─── EXERCISE MATERIAL ───

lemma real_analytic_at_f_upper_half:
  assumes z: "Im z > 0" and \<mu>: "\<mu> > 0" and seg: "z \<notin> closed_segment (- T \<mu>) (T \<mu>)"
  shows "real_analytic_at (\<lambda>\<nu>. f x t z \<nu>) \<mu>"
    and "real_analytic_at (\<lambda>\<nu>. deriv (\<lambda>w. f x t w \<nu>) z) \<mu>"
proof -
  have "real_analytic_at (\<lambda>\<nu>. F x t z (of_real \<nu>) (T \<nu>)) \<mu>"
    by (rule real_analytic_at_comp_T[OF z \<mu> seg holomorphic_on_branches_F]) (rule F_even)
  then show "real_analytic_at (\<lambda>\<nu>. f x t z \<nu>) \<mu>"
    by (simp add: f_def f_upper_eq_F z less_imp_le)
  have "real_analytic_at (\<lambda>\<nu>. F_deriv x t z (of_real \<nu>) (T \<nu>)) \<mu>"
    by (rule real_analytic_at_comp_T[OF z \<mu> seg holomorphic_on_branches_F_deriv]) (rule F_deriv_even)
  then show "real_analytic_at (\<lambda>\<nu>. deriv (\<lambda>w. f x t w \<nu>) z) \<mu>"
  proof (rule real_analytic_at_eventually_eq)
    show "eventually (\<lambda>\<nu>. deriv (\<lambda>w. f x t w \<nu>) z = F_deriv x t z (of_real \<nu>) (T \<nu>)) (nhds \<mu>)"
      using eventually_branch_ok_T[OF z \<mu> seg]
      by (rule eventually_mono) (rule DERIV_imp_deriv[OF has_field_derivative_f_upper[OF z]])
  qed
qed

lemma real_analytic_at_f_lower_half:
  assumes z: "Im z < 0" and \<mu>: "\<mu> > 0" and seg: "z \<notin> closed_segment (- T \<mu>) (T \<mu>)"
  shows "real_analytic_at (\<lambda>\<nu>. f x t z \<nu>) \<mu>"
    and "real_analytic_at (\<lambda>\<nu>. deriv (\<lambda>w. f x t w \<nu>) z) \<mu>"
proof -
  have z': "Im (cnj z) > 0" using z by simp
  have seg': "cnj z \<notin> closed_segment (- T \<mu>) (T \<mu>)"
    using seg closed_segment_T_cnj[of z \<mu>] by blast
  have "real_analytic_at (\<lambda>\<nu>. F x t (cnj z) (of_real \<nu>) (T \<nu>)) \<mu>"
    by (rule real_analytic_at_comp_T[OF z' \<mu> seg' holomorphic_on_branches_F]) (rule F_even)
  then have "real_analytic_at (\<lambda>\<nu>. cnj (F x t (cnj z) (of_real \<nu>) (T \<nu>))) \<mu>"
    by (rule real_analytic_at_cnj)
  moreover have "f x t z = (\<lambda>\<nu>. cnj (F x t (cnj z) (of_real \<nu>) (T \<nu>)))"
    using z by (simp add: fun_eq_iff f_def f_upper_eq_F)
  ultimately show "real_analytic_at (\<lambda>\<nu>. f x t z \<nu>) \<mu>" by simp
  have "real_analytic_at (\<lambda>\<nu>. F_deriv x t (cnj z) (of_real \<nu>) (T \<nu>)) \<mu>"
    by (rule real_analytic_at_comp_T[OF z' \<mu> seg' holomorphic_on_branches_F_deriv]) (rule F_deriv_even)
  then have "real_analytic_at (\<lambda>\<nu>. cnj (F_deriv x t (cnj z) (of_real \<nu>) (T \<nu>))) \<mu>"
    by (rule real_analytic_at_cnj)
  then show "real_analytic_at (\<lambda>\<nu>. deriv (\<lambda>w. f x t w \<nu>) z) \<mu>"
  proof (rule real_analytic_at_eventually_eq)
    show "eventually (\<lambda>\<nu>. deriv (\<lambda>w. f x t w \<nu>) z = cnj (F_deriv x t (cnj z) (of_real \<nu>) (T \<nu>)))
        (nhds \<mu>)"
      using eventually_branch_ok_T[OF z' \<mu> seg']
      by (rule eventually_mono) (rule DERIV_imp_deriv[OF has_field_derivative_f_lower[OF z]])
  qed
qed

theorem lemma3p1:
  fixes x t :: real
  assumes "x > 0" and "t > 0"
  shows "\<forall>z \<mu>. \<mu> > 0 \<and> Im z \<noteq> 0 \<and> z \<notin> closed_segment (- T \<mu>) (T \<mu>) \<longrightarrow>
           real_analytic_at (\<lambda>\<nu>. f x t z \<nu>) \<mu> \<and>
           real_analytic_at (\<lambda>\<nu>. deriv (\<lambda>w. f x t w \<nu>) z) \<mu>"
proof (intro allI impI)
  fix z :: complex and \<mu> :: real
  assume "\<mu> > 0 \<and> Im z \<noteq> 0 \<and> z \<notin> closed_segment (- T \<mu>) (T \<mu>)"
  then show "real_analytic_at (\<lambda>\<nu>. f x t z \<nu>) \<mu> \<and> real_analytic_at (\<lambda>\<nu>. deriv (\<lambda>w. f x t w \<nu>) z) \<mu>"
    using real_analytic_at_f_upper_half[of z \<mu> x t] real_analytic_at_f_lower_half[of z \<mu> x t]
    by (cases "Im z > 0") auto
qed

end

───

◆ EXERCISE OBJECTIVE
Determine how many lines of the listing above include the word "simp", and report that number only.

◆ SOLVED PROBLEM
4